I think you would enjoy reading Curt McMullen's paper "Moduli spaces in genus zero and inversion of power series". In some sense there is nothing there that isn't already in Getzler's paper, but everything is stated in a down-to-earth and combinatorial fashion.
Let me summarize the story, first for the spaces $\overline M_{0,n}$ and $M_{0,n}$. The space $\overline M_{0,n}$ has a stratification where a stratum corresponds to a tree with no vertices of valence two. The stratum itself is isomorphic to $\prod_v M_{0,\mathrm{val}(v)}$ where $v$ runs over interior vertices of the tree and $\mathrm{val}(v)$ denotes the number of incident edges.
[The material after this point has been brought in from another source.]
(* Under the standing assumptions of the context, for every integer $\ell\ge1$ the recurrence rate $\mathrm{RR}_\ell(x,\infty,1/2)=\lim_{n\to\infty}\mathrm{RR}_\ell(x,n,1/2)$ exists and \[ \mathrm{RR}_\ell(x,\infty,1/2)=\sum_{l=\ell}^\infty l\,d(\mathcal K_l)>0 . \]
   Context: Standing assumptions: $A=\{0,1\}$, $\Sigma=A^{\mathbb N_0}$ with metric $\rho(y,z)=2^{-\min\{i\ge0:\,y_i\ne z_i\}}$ ($y\ne z$) and shift $\sigma$. $\zeta:A\to A^*$ is a binary substitution of constant length $q\ge2$, primitive, aperiodic (its subshift $X_\zeta$ contains a non-$\sigma$-periodic sequence), with $\zeta(0)$ starting with $0$; $x=\lim_k\zeta^k(0)$ its fixed point starting with $0$. For $n\in\mathbb N\cup\{\infty\}$, $n\ge2$, the recurrence plot $R(x,n,1/2)$ has indices $0\le i,j<n$ and entry $1$ iff $x_i=x_j$. A line of length $\ell$: $(i,j,\ell)$ with $0\le i,j\le n-\ell$, $i\ne j$, entries $(i+k,j+k)=1$ for $0\le k<\ell$, entry $(i-1,j-1)=0$ if $\min\{i,j\}>0$, entry $(i+\ell,j+\ell)=0$ if $\max\{i,j\}<n-\ell$ (always required for $n=\infty$); inner if $\min\{i,j\}>0$ and (for finite $n$) $\max\{i,j\}<n-\ell$. For finite $n$: $N_\ell$ = number of all lines of length exactly $\ell$, $\lambda_\ell=N_\ell/(n^2-n)$, $\mathrm{RR}_\ell(x,n,1/2)=\sum_{l\ge\ell}l\lambda_l$. $\mathcal K_l=\{(i,j)\in\mathbb N^2:(i,j,l)\text{ inner line in }R(x,\infty,1/2)\}$; $d(M)=\lim_n n^{-2}\#(M\cap[0,n)^2)$ is the asymptotic density, and it is known that $d(\mathcal K_l)$ exists for all $l$. *)

theory Defs
  imports Complex_Main
begin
Since the virtual Poincaré polynomial is additive over stratifications, this shows that the virtual Poincaré polynomial of $\overline M_{0,n}$ is given by a sum over trees involving the virtual Poincaré polynomials of $M_{0,n'}$ for $n' \leq n$. Now using the relationship between compositional inversion and summing over trees, well-known to combinatorists, one can thus show that the exponential generating series of virtual Poincaré polynomials of $\overline M_{0,n}$ and $M_{0,n}$ are compositional inverses of each other. (If you don't know virtual Poincaré polynomials, think about any other invariant additive under stratification, e.g. Euler characteristic.)
Finally, both the spaces $\overline M_{0,n}$ and $M_{0,n}$ have pure cohomology in every degree: $H^k (\overline M_{0,n})$ is pure of weight $k$, and $H^k(M_{0,n})$ us pure of weight $2k$. Thus in both cases, the virtual Poincaré polynomial concides with the usual Poincaré polynomial (in the latter case up to a substitution $t \mapsto t^2$). This explains the second sentence in Bergström-Brown's abstract.
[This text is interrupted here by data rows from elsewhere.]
lemma sprec_trans:
  assumes "finite D" "finite E"
    and "sprec sp (a, B) (c, D)" and "sprec sp (c, D) (e, E)"
  shows "sprec sp (a, B) (e, E)"
proof -
  obtain f where f: "\<And>d. d \<in> D \<Longrightarrow> sp (f d) d" and a: "a \<le> join_with c (f ` D)"
    and B: "\<And>b. b \<in> B \<Longrightarrow> \<exists>d\<in>D. sp b d"
    using assms(3) by (elim sprecE) blast
  obtain g where g: "\<And>x. x \<in> E \<Longrightarrow> sp (g x) x" and c: "c \<le> join_with e (g ` E)"
    and D: "\<And>d. d \<in> D \<Longrightarrow> \<exists>x\<in>E. sp d x"
    using assms(4) by (elim sprecE) blast
  define h where "h x = join_with (g x) (f ` {d \<in> D. sp d x})" for x
  let ?J = "join_with e (h ` E)"
  have h_sp: "sp (h x) x" if "x \<in> E" for x
    unfolding h_def using that \<open>finite D\<close> f g by (auto intro!: sp_join_with intro: sp_trans)
  have h_le: "h x \<le> ?J" if "x \<in> E" for x
    using that \<open>finite E\<close> by (simp add: join_with_upper)
  have g_le: "g x \<le> h x" for x
    unfolding h_def using \<open>finite D\<close> by (simp add: join_with_upper_base)
  have f_le: "f d \<le> h x" if "d \<in> D" "sp d x" for d x
    unfolding h_def using that \<open>finite D\<close> by (simp add: join_with_upper)
  have "g x \<le> ?J" if "x \<in> E" for x
    using g_le h_le[OF that] by (rule order_trans)
  then have "join_with e (g ` E) \<le> ?J"
    using \<open>finite E\<close> by (simp add: join_with_le_iff join_with_upper_base)
  then have "c \<le> ?J"
    using c by simp
  moreover have "f d \<le> ?J" if "d \<in> D" for d
    using D[OF that] f_le[OF that] h_le order_trans by blast
  ultimately have "join_with c (f ` D) \<le> ?J"
    using \<open>finite D\<close> by (simp add: join_with_le_iff)
  with a have "a \<le> ?J"
    by (rule order_trans)
  moreover have "\<exists>x\<in>E. sp b x" if "b \<in> B" for b
    using B[OF that] D sp_trans by blast
  ultimately show ?thesis
    using h_sp by (intro sprecI)
qed

lemma sprec_sup:
  assumes "finite B'" "finite D'"
    and "sprec sp (a, B) (a', B')" and "sprec sp (c, D) (c', D')"
  shows "sprec sp (sup a c, B \<union> D) (sup a' c', B' \<union> D')"
proof -
  obtain f where f: "\<And>x. x \<in> B' \<Longrightarrow> sp (f x) x" and a: "a \<le> join_with a' (f ` B')"
    and B: "\<And>b. b \<in> B \<Longrightarrow> \<exists>x\<in>B'. sp b x"
    using assms(3) by (elim sprecE) blast
  obtain g where g: "\<And>x. x \<in> D' \<Longrightarrow> sp (g x) x" and c: "c \<le> join_with c' (g ` D')"
    and D: "\<And>d. d \<in> D \<Longrightarrow> \<exists>x\<in>D'. sp d x"
    using assms(4) by (elim sprecE) blast
  define h where "h x =
    (if x \<in> B' \<and> x \<in> D' then sup (f x) (g x) else if x \<in> B' then f x else g x)" for x
  let ?J = "join_with (sup a' c') (h ` (B' \<union> D'))"
  have h_le: "h x \<le> ?J" if "x \<in> B' \<union> D'" for x
    using that assms(1,2) by (simp add: join_with_upper)
  have base_le: "sup a' c' \<le> ?J"
    using assms(1,2) by (intro join_with_upper_base) simp
  have "f x \<le> ?J" if "x \<in> B'" for x
    using h_le[of x] that by (auto simp: h_def intro: order_trans[rotated])
  then have "join_with a' (f ` B') \<le> ?J"
    using assms(1) base_le by (simp add: join_with_le_iff)
  moreover have "g x \<le> ?J" if "x \<in> D'" for x
    using h_le[of x] that by (auto simp: h_def intro: order_trans[rotated])
  then have "join_with c' (g ` D') \<le> ?J"
    using assms(2) base_le by (simp add: join_with_le_iff)
  ultimately have "sup a c \<le> ?J"
    using a c by (meson le_sup_iff order_trans)
  moreover have "sp (h x) x" if "x \<in> B' \<union> D'" for x
    using that f g by (auto simp: h_def intro: sp_sup)
  ultimately show ?thesis
    using B D by (intro sprecI) blast+
qed

lemma sprec_join_with:
  assumes "finite B" "finite D" and "sprec sp (a, B) (c, D)"
  shows "sprec sp (a, {join_with a B}) (c, {join_with c D})"
proof -
  obtain f where f: "\<And>d. d \<in> D \<Longrightarrow> sp (f d) d" and a: "a \<le> join_with c (f ` D)"
    using assms(3) by (elim sprecE) blast
  let ?w = "join_with c (f ` D)"
  have "sp ?w (join_with c D)"
    using assms(2) f by (rule sp_join_with_image)
  moreover have "a \<le> join_with c ((\<lambda>_. ?w) ` {join_with c D})"
    using a by (simp add: le_supI1)
  moreover have "sp (join_with a B) (join_with c D)"
    using assms by (rule sp_join_with_of_sprec)
  ultimately show ?thesis
    by (intro sprecI[where f = "\<lambda>_. ?w"]) auto
qed

lemma sequiv_refl: "finite B \<Longrightarrow> sequiv sp (a, B) (a, B)"
  by (simp add: sequiv_def sprec_refl)

lemma sequiv_sym: "sequiv sp p q \<Longrightarrow> sequiv sp q p"
  by (simp add: sequiv_def)

lemma sequiv_trans:
  "finite B \<Longrightarrow> finite D \<Longrightarrow> finite E \<Longrightarrow>
    sequiv sp (a, B) (c, D) \<Longrightarrow> sequiv sp (c, D) (e, E) \<Longrightarrow> sequiv sp (a, B) (e, E)"
  unfolding sequiv_def using sprec_trans by blast

lemma sequiv_join_with:
  "finite B \<Longrightarrow> finite D \<Longrightarrow> sequiv sp (a, B) (c, D) \<Longrightarrow>
    sequiv sp (a, {join_with a B}) (c, {join_with c D})"
  unfolding sequiv_def using sprec_join_with by blast

lemma sequiv_sup:
  "finite B \<Longrightarrow> finite B' \<Longrightarrow> finite D \<Longrightarrow> finite D' \<Longrightarrow>
    sequiv sp (a, B) (a', B') \<Longrightarrow> sequiv sp (c, D) (c', D') \<Longrightarrow>
    sequiv sp (sup a c, B \<union> D) (sup a' c', B' \<union> D')"
  unfolding sequiv_def using sprec_sup by blast

lemma sequiv_sup_iff_sprec:
  assumes "finite B" "finite D"
  shows "sequiv sp (sup a c, B \<union> D) (c, D) \<longleftrightarrow> sprec sp (a, B) (c, D)"
proof
  assume "sequiv sp (sup a c, B \<union> D) (c, D)"
  moreover have "sprec sp (a, B) (sup a c, B \<union> D)"
    using assms by (simp add: sprec_of_le)
  ultimately show "sprec sp (a, B) (c, D)"
    using assms sprec_trans unfolding sequiv_def by blast
next
  assume "sprec sp (a, B) (c, D)"
  then have "sprec sp (sup a c, B \<union> D) (sup c c, D \<union> D)"
    using assms(2) sprec_refl by (intro sprec_sup)
  moreover have "sprec sp (c, D) (sup a c, B \<union> D)"
    using assms by (simp add: sprec_of_le)
  ultimately show "sequiv sp (sup a c, B \<union> D) (c, D)"
    by (simp add: sequiv_def)
qed

end

theorem lemma3p6:
  fixes sp :: "'a::semilattice_sup \<Rightarrow> 'a \<Rightarrow> bool"
  assumes "spec_semilattice sp"
  shows
    "(\<forall>a B. finite B \<longrightarrow> sprec sp (a, B) (a, B))
   \<and> (\<forall>a B c D e E. finite B \<longrightarrow> finite D \<longrightarrow> finite E \<longrightarrow>
        sprec sp (a, B) (c, D) \<longrightarrow> sprec sp (c, D) (e, E) \<longrightarrow> sprec sp (a, B) (e, E))
   \<and> (\<forall>a B. finite B \<longrightarrow> sequiv sp (a, B) (a, B))
   \<and> (\<forall>a B c D. finite B \<longrightarrow> finite D \<longrightarrow>
        sequiv sp (a, B) (c, D) \<longrightarrow> sequiv sp (c, D) (a, B))
   \<and> (\<forall>a B c D e E. finite B \<longrightarrow> finite D \<longrightarrow> finite E \<longrightarrow>
        sequiv sp (a, B) (c, D) \<longrightarrow> sequiv sp (c, D) (e, E) \<longrightarrow> sequiv sp (a, B) (e, E))
   \<and> (\<forall>a B c D. finite B \<longrightarrow> finite D \<longrightarrow> sequiv sp (a, B) (c, D) \<longrightarrow>
        sequiv sp (a, {join_with a B}) (c, {join_with c D}))
   \<and> (\<forall>a B a' B' c D c' D'. finite B \<longrightarrow> finite B' \<longrightarrow> finite D \<longrightarrow> finite D' \<longrightarrow>
        sequiv sp (a, B) (a', B') \<longrightarrow> sequiv sp (c, D) (c', D') \<longrightarrow>
        sequiv sp (sup a c, B \<union> D) (sup a' c', B' \<union> D'))
   \<and> (\<forall>a B c D. finite B \<longrightarrow> finite D \<longrightarrow>
        (sequiv sp (sup a c, B \<union> D) (c, D) \<longleftrightarrow> sprec sp (a, B) (c, D)))"
proof -
  interpret specialization_semilattice sp
    using assms by unfold_locales
  show ?thesis
    using sprec_refl sprec_trans sequiv_refl sequiv_sym sequiv_trans
      sequiv_join_with sequiv_sup sequiv_sup_iff_sprec
    by (intro conjI allI impI) metis+
qed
The story for $M_{0,n}^\delta$ and $M_{0,n}$ is completely similar, the only difference being that $M_{0,n}^\delta$ has a stratification indexed by trees without vertices of valence two and with a cyclic ordering of the edges incident to each vertex. In the same way as compositional inversion of exponential generating functions corresponds to sums over trees, compositional inversion of ordinary generating functions corresponds to sums over trees with such cyclic structure. McMullen touches upon something very similar at the very end of his paper. He doesn't consider $M_{0,n}$ and $M_{0,n}^\delta$, but instead considers the choice of a connected component of $M_{0,n}(\mathbf R)$ and its closure. Combinatorially this amounts to exactly the same thing: $M_{0,n}^\delta$ is defined by choosing a connected component of $M_{0,n}(\mathbf R)$ and taking the union of all strata meeting the closure of this component.
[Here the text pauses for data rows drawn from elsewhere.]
text \<open>In the basis \<open>\<phi>\<^sub>n\<close> the operator \<open>A\<close> is a Hermitian band matrix whose off-diagonal entries
  connect indices differing by \<open>d = k - l\<close>, so \<open>y \<in> Ran(A \<plusminus> i)\<^sup>\<bottom>\<close> means that \<open>y\<close> is square
  summable and solves a three-term recurrence along every residue class modulo \<open>d\<close>.  For
  \<open>Im c \<noteq> 0\<close> the solutions form a \<open>d\<close>-dimensional space, parametrised by \<open>y\<^sub>l, \<dots>, y\<^sub>k\<^sub>-\<^sub>1\<close>, so
  \<open>n\<^sub>\<plusminus> = d\<close> as soon as every solution is square summable.

  The matrix entries grow like \<open>n\<^bsup>(k+l)/2\<^esup>\<close>.  Dividing the recurrence by their fourth roots
  turns it into \<open>x\<^sub>j\<^sub>+\<^sub>2 + \<rho>\<^sub>j x\<^sub>j + t\<^sub>j x\<^sub>j\<^sub>+\<^sub>1 = 0\<close>, where \<open>1 - \<rho>\<^sub>j\<close> and \<open>Im t\<^sub>j\<close> are summable
  and \<open>Re t\<^sub>j\<close> has bounded variation with limit \<open>\<kappa> < 2\<close>.  A discrete energy estimate shows
  that \<open>x\<close> is bounded, hence \<open>|y\<^sub>n|\<^sup>2 = O(n\<^bsup>-(k+l)/2\<^esup>)\<close>, which is summable because
  \<open>k + l \<ge> 3\<close>.\<close>

section \<open>The matrix of \<open>A\<close>\<close>

definition hop_weight :: "nat \<Rightarrow> nat \<Rightarrow> real \<Rightarrow> real" where
  "hop_weight k l x = pochhammer (x + 1) k * pochhammer (x + 1) l"

lemma hop_weight_pos: "0 \<le> x \<Longrightarrow> 0 < hop_weight k l x"
  unfolding hop_weight_def by (simp add: pochhammer_pos)

lemma ann_funpow_apply:
  "(ann ^^ l) x n = of_real (sqrt (pochhammer (real n + 1) l)) * x (n + l)"
proof (induction l arbitrary: n)
  case (Suc l)
  have "pochhammer (real n + 1) (Suc l) = real (Suc n) * pochhammer (real (Suc n) + 1) l"
    by (simp add: pochhammer_rec add_ac)
  moreover have "ann ((ann ^^ l) x) n = of_real (sqrt (real (Suc n))) * (ann ^^ l) x (Suc n)"
    by (simp add: ann_def[of "(ann ^^ l) x"])
  ultimately show ?case by (simp add: Suc real_sqrt_mult add_ac)
qed simp

lemma cre_funpow_apply:
  "(cre ^^ k) x n =
     (if k \<le> n then of_real (sqrt (pochhammer (real (n - k) + 1) k)) * x (n - k) else 0)"
proof (induction k arbitrary: n)
  case (Suc k)
  have step: "cre ((cre ^^ k) x) n =
      (if n = 0 then 0 else of_real (sqrt (real n)) * (cre ^^ k) x (n - 1))"
    by (simp add: cre_def[of "(cre ^^ k) x"])
  show ?case
  proof (cases "Suc k \<le> n")
    case True
    have "pochhammer (real (n - Suc k) + 1) (Suc k) = pochhammer (real (n - 1 - k) + 1) k * real n"
      using True by (simp add: pochhammer_Suc of_nat_diff)
    then show ?thesis
      using True by (simp add: step Suc real_sqrt_mult mult.commute)
  qed (auto simp: step Suc)
qed simp

text \<open>\<open>sqrt (hop_weight k l n)\<close> is the matrix entry of \<open>(a\<^sup>\<dagger>)\<^sup>k a\<^sup>l\<close> from
  \<open>\<phi>\<^bsub>n+l\<^esub>\<close> to \<open>\<phi>\<^bsub>n+k\<^esub>\<close>.  Since the matrix of \<open>A\<close> is Hermitian, the same
  formula also computes its formal adjoint.\<close>

lemma opA_apply:
  assumes "l < k"
  shows "opA k l \<theta> f x n =
      (if k \<le> n then cis \<theta> * sqrt (hop_weight k l (real (n - k))) * x (n - (k - l)) else 0)
    + (if l \<le> n then cnj (cis \<theta>) * sqrt (hop_weight k l (real (n - l))) * x (n + (k - l)) else 0)
    + f n * x n"
proof -
  have "n - k + l = n - (k - l)" if "k \<le> n" using that assms by simp
  moreover have "n - l + k = n + (k - l)" if "l \<le> n" using that assms by simp
  ultimately show ?thesis
    by (auto simp: opA_def cre_funpow_apply ann_funpow_apply numop_def hop_weight_def
        real_sqrt_mult algebra_simps)
qed

lemma opA_sum:
  assumes "l < k"
  shows "opA k l \<theta> f (\<lambda>n. \<Sum>m\<in>S. a m * u m n) n = (\<Sum>m\<in>S. a m * opA k l \<theta> f (u m) n)"
  unfolding opA_apply[OF assms] by (auto simp: sum_distrib_left sum.distrib algebra_simps)

lemma opA_diff:
  assumes "l < k"
  shows "opA k l \<theta> f (\<lambda>n. v n - w n) n = opA k l \<theta> f v n - opA k l \<theta> f w n"
  unfolding opA_apply[OF assms] by (simp add: algebra_simps)

definition unit_vec :: "nat \<Rightarrow> nat \<Rightarrow> complex" where
  "unit_vec m = (\<lambda>n. if n = m then 1 else 0)"

lemma unit_vec_in_D0: "unit_vec m \<in> D0"
  unfolding D0_def unit_vec_def by simp

lemma D0_eq_sum_unit_vec:
  assumes "x \<in> D0"
  shows "x = (\<lambda>n. \<Sum>m\<in>{m. x m \<noteq> 0}. x m * unit_vec m n)"
proof
  fix n
  have "finite {m. x m \<noteq> 0}" using assms unfolding D0_def by simp
  then show "x n = (\<Sum>m\<in>{m. x m \<noteq> 0}. x m * unit_vec m n)"
    by (cases "x n = 0") (auto simp: unit_vec_def if_distrib cong: if_cong)
qed

lemma opA_unit_vec_inner_sums:
  assumes "l < k"
  shows "(\<lambda>n. (opA k l \<theta> f (unit_vec m) n + c * unit_vec m n) * cnj (y n))
           sums cnj (opA k l \<theta> f y m + cnj c * y m)"
proof -
  define d where "d = k - l"
  define up where "up = (if l \<le> m then cis \<theta> * sqrt (hop_weight k l (real (m - l))) else 0)"
  define down where "down = (if k \<le> m then cnj (cis \<theta>) * sqrt (hop_weight k l (real (m - k))) else 0)"
  have "opA k l \<theta> f (unit_vec m) n + c * unit_vec m n =
      (if n = m + d then up else 0) + (if n = m - d then down else 0)
      + (if n = m then f m + c else 0)" for n
  proof -
    have "(if k \<le> n then cis \<theta> * sqrt (hop_weight k l (real (n - k))) * unit_vec m (n - d) else 0)
        = (if n = m + d then up else 0)"
      using assms by (auto simp: unit_vec_def up_def d_def)
    moreover have "(if l \<le> n then cnj (cis \<theta>) * sqrt (hop_weight k l (real (n - l))) * unit_vec m (n + d) else 0)
        = (if n = m - d then down else 0)"
      using assms by (auto simp: unit_vec_def down_def d_def)
    moreover have "f n * unit_vec m n + c * unit_vec m n = (if n = m then f m + c else 0)"
      by (simp add: unit_vec_def)
    ultimately show ?thesis
      unfolding opA_apply[OF assms] d_def by (simp add: add.assoc)
  qed
  then have "(\<lambda>n. (opA k l \<theta> f (unit_vec m) n + c * unit_vec m n) * cnj (y n)) =
      (\<lambda>n. (if n = m + d then up * cnj (y (m + d)) else 0) + (if n = m - d then down * cnj (y (m - d)) else 0)
        + (if n = m then (f m + c) * cnj (y m) else 0))"
    by (auto simp: fun_eq_iff distrib_right)
  moreover have "(\<lambda>n. (if n = m + d then up * cnj (y (m + d)) else 0) + (if n = m - d then down * cnj (y (m - d)) else 0)
        + (if n = m then (f m + c) * cnj (y m) else 0))
      sums (up * cnj (y (m + d)) + down * cnj (y (m - d)) + (f m + c) * cnj (y m))"
    by (intro sums_add sums_single)
  moreover have "up * cnj (y (m + d)) + down * cnj (y (m - d)) + (f m + c) * cnj (y m)
      = cnj (opA k l \<theta> f y m + cnj c * y m)"
    unfolding opA_apply[OF assms] up_def down_def d_def by (simp add: algebra_simps)
  ultimately show ?thesis by simp
qed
A final remark is that the duality between $H^\bullet(\overline M_{0,n})$ and $H^\bullet(M_{0,n})$ can be upgraded to a Koszul duality of two cyclic operads, the "Hypercommutative" and "Gravity" operads. This is a much stronger result than just that their generating series are compositional inverses, and this is what Getzler proves. On the other hand the cohomologies of $M_{0,n}^\delta$ and $M_{0,n}$ give rise to nonsymmetric cyclic operads (this notion is not defined in the literature, but it's not hard to give the definition). However, it turns out that they are not in any natural sense Koszul dual of each other, but it is still true that they are interchanged with each other under bar-cobar-duality, up to homotopy. (But first one needs to define a bar transform of nonsymmetric cyclic operads...) This is an operad-theoretic statement that improves on what Bergström-Brown proved. I worked this out with Johan Alm at one point but we never wrote it down properly.